Supernus’ Balance Sheet is Impressive
Supernus has said that it is paying the upfront $300 million for the US WorldMeds acquisition out of cash, which is certainly suggestive of balance sheet strength before even taking a look at the numbers. At the end of Q1 2020, Supernus reported having nearly $1.2 billion in assets against just $576 million in liabilities. Supernus should be adding about $200 million per year to its cash pile at the 2019 rate with the acquisition factored in, so the company will have no trouble covering the additional $230 million in potential commercial milestone payments to US WorldMeds.
Supernus looks Undervalued on both an Earnings and Sales Basis After Factoring in the Acquisition
Based on current analyst estimates, Supernus looks roughly fairly valued based on the next 3 years’ worth of earnings and somewhat undervalued based on sales over that same time period.
Figure 5: Supernus Earnings and Sales Estimates (Source: Seeking Alpha)
These estimates looked conservative even pre-acquisition, and it’s clear that none of them factors in the acquisition of the US WorldMeds’ CNS portfolio at all. Sales were set to grow over at least the next 3 years before the Trokendi XR patent cliff and Supernus is expected to remain profitable throughout, albeit maybe narrowly during some of that time.
Based on Supernus’ current market cap of only about $1.26 billion, I estimated what the company’s earnings and sales ratios could look like over the next few years with the acquisition factored in.
As you can see from Figure 6, both the earnings and sales ratios after factoring in the acquisition are less than half of the 15 P/E and 5 P/S that are commonly considered average. At these levels, Supernus looks substantially undervalued.
This is also just factoring in 2019 sales and earnings levels for the US WorldMeds portfolio which is likely conservative for at least 2 reasons. First, because of the similarities between Supernus’ and US WorldMeds’ portfolios, there will likely be some expensive savings that will increase the earnings contribution from the US WorldMeds portfolio. Second, by holding the US WorldMeds sales and earnings constant, I am completely ignoring the impact of the apomorphine infusion pump that will hopefully start earning money for the company in 2021.
Of course, getting a CRL for either the apomorphine pump or Supernus’ ADHD treatment would be a tremendous setback and could lead to a decrease in the company’s share price. The downside potential should be somewhat limited from here though, given the company’s strong current cash flow and low earnings multiple.
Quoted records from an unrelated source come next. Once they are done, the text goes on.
(* For every pair of finite sets $W=\{w_1,\dots,w_n\}$, $F=\{f_1,\dots,f_m\}$ (with $n,m\ge 1$), every preference profile $\succcurlyeq$ and every ranking $\bm r$ of $W\cup F$, the matching matrix $\bm M_{\bm r}$ produced by serial dictatorship with ranking $\bm r$ on $\succcurlyeq$ satisfies $irv(\bm M_{\bm r},\succcurlyeq)\le 1/2$.
   Context: Let $\perp$ be the unmatched option; workers have linear-order preferences $\succcurlyeq_{w}$ on $F\cup\{\perp\}$, firms linear-order preferences $\succcurlyeq_f$ on $W\cup\{\perp\}$; $b\succ_a b'$ means $b\ne b'$ and $b\succcurlyeq_a b'$. A matching pairs agents one-to-one across the two sides, each agent being matched to one agent of the other side or unmatched. Its matching matrix $\bm M\in\{0,1\}^{(n+1)\times(m+1)}$ has, for $i\le n,j\le m$, $M_{ij}=1$ iff $w_i$ is matched to $f_j$, $M_{i,m+1}=1$ iff $w_i$ is unmatched, $M_{n+1,j}=1$ iff $f_j$ is unmatched, and $M_{n+1,m+1}=0$. Serial dictatorship with ranking $\bm r=(r_1,\dots,r_{n+m})$ (an ordering of $W\cup F$): for $k=1,\dots,n+m$, if $r_k$ is not yet matched, $r_k$ is assigned its most preferred option among $\perp$ and the not-yet-matched agents of the other side (and that agent, if any, becomes matched with $r_k$). For a profile $\succcurlyeq$ define, for $i\in[n],j\in[m]$, $p_{ij}=\frac1m\big(\mathbb I[f_j\succ_{w_i}\perp]+\sum_{j''=1}^m(\mathbb I[f_j\succ_{w_i}f_{j''}]-\mathbb I[\perp\succ_{w_i}f_{j''}])\big)$, $q_{ji}=\frac1n\big(\mathbb I[w_i\succ_{f_j}\perp]+\sum_{i''=1}^n(\mathbb I[w_i\succ_{f_j}w_{i''}]-\mathbb I[\perp\succ_{f_j}w_{i''}])\big)$, and the IR violation $irv(\bm M,\succcurlyeq)=\frac{1}{2n}\sum_{i=1}^n\sum_{j=1}^m M_{ij}\max\{-q_{ji},0\}+\frac{1}{2m}\sum_{i=1}^n\sum_{j=1}^m M_{ij}\max\{-p_{ij},0\}$. *)

theory Defs
  imports Complex_Main
begin

text \<open>Workers are w_1..w_n, represented by Inl i (1 <= i <= n); firms are f_1..f_m,
  represented by Inr j (1 <= j <= m). The option of a worker is a nat option:
  None is the unmatched option, Some j is firm f_j (similarly for firms).
  A preference of an agent is a relation R (as a set of pairs) with (a,b) in R meaning
  "a is weakly preferred to b"; it is required to be a linear order on the options.\<close>

type_synonym agent = "nat + nat"
type_synonym pref = "(nat option \<times> nat option) set"

definition spref :: "pref \<Rightarrow> nat option \<Rightarrow> nat option \<Rightarrow> bool" where
  "spref R a b \<longleftrightarrow> a \<noteq> b \<and> (a, b) \<in> R"

definition best :: "pref \<Rightarrow> nat option set \<Rightarrow> nat option" where
  "best R S = (THE x. x \<in> S \<and> (\<forall>y\<in>S. (x, y) \<in> R))"

text \<open>State of serial dictatorship: None = not yet assigned; Some None = assigned the
  unmatched option; Some (Some a) = matched with agent a.\<close>
type_synonym sd_state = "agent \<Rightarrow> agent option option"

definition sd_step :: "nat \<Rightarrow> nat \<Rightarrow> (nat \<Rightarrow> pref) \<Rightarrow> (nat \<Rightarrow> pref)
    \<Rightarrow> agent \<Rightarrow> sd_state \<Rightarrow> sd_state" where
  "sd_step n m Pw Pf a s =
    (if s a \<noteq> None then s else
     (case a of
        Inl i \<Rightarrow>
          (case best (Pw i) (insert None (Some ` {j \<in> {1..m}. s (Inr j) = None})) of
             None \<Rightarrow> s(a := Some None)
           | Some j \<Rightarrow> s(a := Some (Some (Inr j)), Inr j := Some (Some (Inl i))))
      | Inr j \<Rightarrow>
          (case best (Pf j) (insert None (Some ` {i \<in> {1..n}. s (Inl i) = None})) of
             None \<Rightarrow> s(a := Some None)
           | Some i \<Rightarrow> s(a := Some (Some (Inl i)), Inl i := Some (Some (Inr j))))))"

definition serial_dictatorship :: "nat \<Rightarrow> nat \<Rightarrow> (nat \<Rightarrow> pref) \<Rightarrow> (nat \<Rightarrow> pref)
    \<Rightarrow> agent list \<Rightarrow> sd_state" where
  "serial_dictatorship n m Pw Pf r = fold (sd_step n m Pw Pf) r (\<lambda>_. None)"

text \<open>Matching matrix, indices 1..n+1 and 1..m+1.\<close>
definition matching_matrix :: "nat \<Rightarrow> nat \<Rightarrow> sd_state \<Rightarrow> nat \<Rightarrow> nat \<Rightarrow> real" where
  "matching_matrix n m s i j =
    (if 1 \<le> i \<and> i \<le> n \<and> 1 \<le> j \<and> j \<le> m then
       (if s (Inl i) = Some (Some (Inr j)) then 1 else 0)
     else if 1 \<le> i \<and> i \<le> n \<and> j = m + 1 then
       (if (\<exists>j'. s (Inl i) = Some (Some (Inr j'))) then 0 else 1)
     else if i = n + 1 \<and> 1 \<le> j \<and> j \<le> m then
       (if (\<exists>i'. s (Inr j) = Some (Some (Inl i'))) then 0 else 1)
     else 0)"

definition ind :: "bool \<Rightarrow> real" where
  "ind b = (if b then 1 else 0)"

definition p_score :: "nat \<Rightarrow> (nat \<Rightarrow> pref) \<Rightarrow> nat \<Rightarrow> nat \<Rightarrow> real" where
  "p_score m Pw i j = (1 / real m) *
     (ind (spref (Pw i) (Some j) None) +
      (\<Sum>j''=1..m. ind (spref (Pw i) (Some j) (Some j'')) - ind (spref (Pw i) None (Some j''))))"

definition q_score :: "nat \<Rightarrow> (nat \<Rightarrow> pref) \<Rightarrow> nat \<Rightarrow> nat \<Rightarrow> real" where
  "q_score n Pf j i = (1 / real n) *
     (ind (spref (Pf j) (Some i) None) +
      (\<Sum>i''=1..n. ind (spref (Pf j) (Some i) (Some i'')) - ind (spref (Pf j) None (Some i''))))"

definition irv :: "nat \<Rightarrow> nat \<Rightarrow> (nat \<Rightarrow> nat \<Rightarrow> real) \<Rightarrow> (nat \<Rightarrow> pref) \<Rightarrow> (nat \<Rightarrow> pref) \<Rightarrow> real" where
  "irv n m M Pw Pf =
     1 / (2 * real n) * (\<Sum>i=1..n. \<Sum>j=1..m. M i j * max (- q_score n Pf j i) 0)
   + 1 / (2 * real m) * (\<Sum>i=1..n. \<Sum>j=1..m. M i j * max (- p_score m Pw i j) 0)"

end

theory Submission
  imports Defs
begin

text \<open>In serial dictatorship every pair is formed by an agent who chose its partner over
  staying unmatched, so every matched pair is individually rational for at least one side.
  For that side the score is nonnegative, since the partner beats every option that
  \<open>\<bottom>\<close> beats; every score is at least \<open>-1\<close>. Hence a matched pair adds at most
  \<open>max (1/(2n)) (1/(2m)) = 1/(2 min n m)\<close> to the IR violation, and there are at most
  \<open>min n m\<close> matched pairs.\<close>

lemma best_in_and_preferred:
  assumes lin: "linear_order_on A R" and "finite S" "S \<subseteq> A" "S \<noteq> {}"
  shows "best R S \<in> S \<and> (\<forall>y\<in>S. (best R S, y) \<in> R)"
proof -
  have refl: "refl_on A R" and antisym: "antisym R" and total: "total_on A R"
    using lin by (auto simp: order_on_defs)
  have "wf (Restr R S - Id)"
  proof (rule finite_acyclic_wf)
    show "finite (Restr R S - Id)" using \<open>finite S\<close> by auto
    show "acyclic (Restr R S - Id)"
      by (rule acyclic_subset[OF linear_order_on_acyclic[OF lin]]) auto
  qed
  moreover obtain x0 where "x0 \<in> S" using \<open>S \<noteq> {}\<close> by blast
  ultimately obtain x where x: "x \<in> S" and minimal: "\<And>y. (y, x) \<in> Restr R S - Id \<Longrightarrow> y \<notin> S"
    by (meson wfE_min)
  have x_best: "\<forall>y\<in>S. (x, y) \<in> R"
  proof
    fix y assume "y \<in> S"
    show "(x, y) \<in> R"
    proof (cases "y = x")
      case True
      then show ?thesis using x refl \<open>S \<subseteq> A\<close> by (auto simp: refl_on_def)
    next
      case False
      then show ?thesis
        using x \<open>y \<in> S\<close> minimal[of y] total \<open>S \<subseteq> A\<close> by (auto simp: total_on_def)
    qed
  qed
  have "best R S = x"
    unfolding best_def
  proof (rule the_equality)
    show "\<And>x'. x' \<in> S \<and> (\<forall>y\<in>S. (x', y) \<in> R) \<Longrightarrow> x' = x"
      using x x_best antisym by (auto dest: antisymD)
  qed (use x x_best in auto)
  then show ?thesis using x x_best by simp
qed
Supernus has struggled some over the last few years to find a revenue replacement for the upcoming Trokendi XR patent cliff, but the company finally seems to have hit paydirt with its acquisition of US WorldMeds’ CNS portfolio. Supernus looks meaningfully undervalued based on current sales and earnings ratios, but the company has a chance to increase revenue despite the Trokendi XR drop-off through 2 new drugs that will hopefully hit the market by 2021. I own a full position in Supernus and intend to hold it for the next several years as the potential of the acquisition is realized. My fair value estimate for the company is in the $40/share range, well above where it is currently trading.
Disclosure: I am/we are long SUPN. I wrote this article myself, and it expresses my own opinions. I am not receiving compensation for it (other than from Seeking Alpha). I have no business relationship with any company whose stock is mentioned in this article.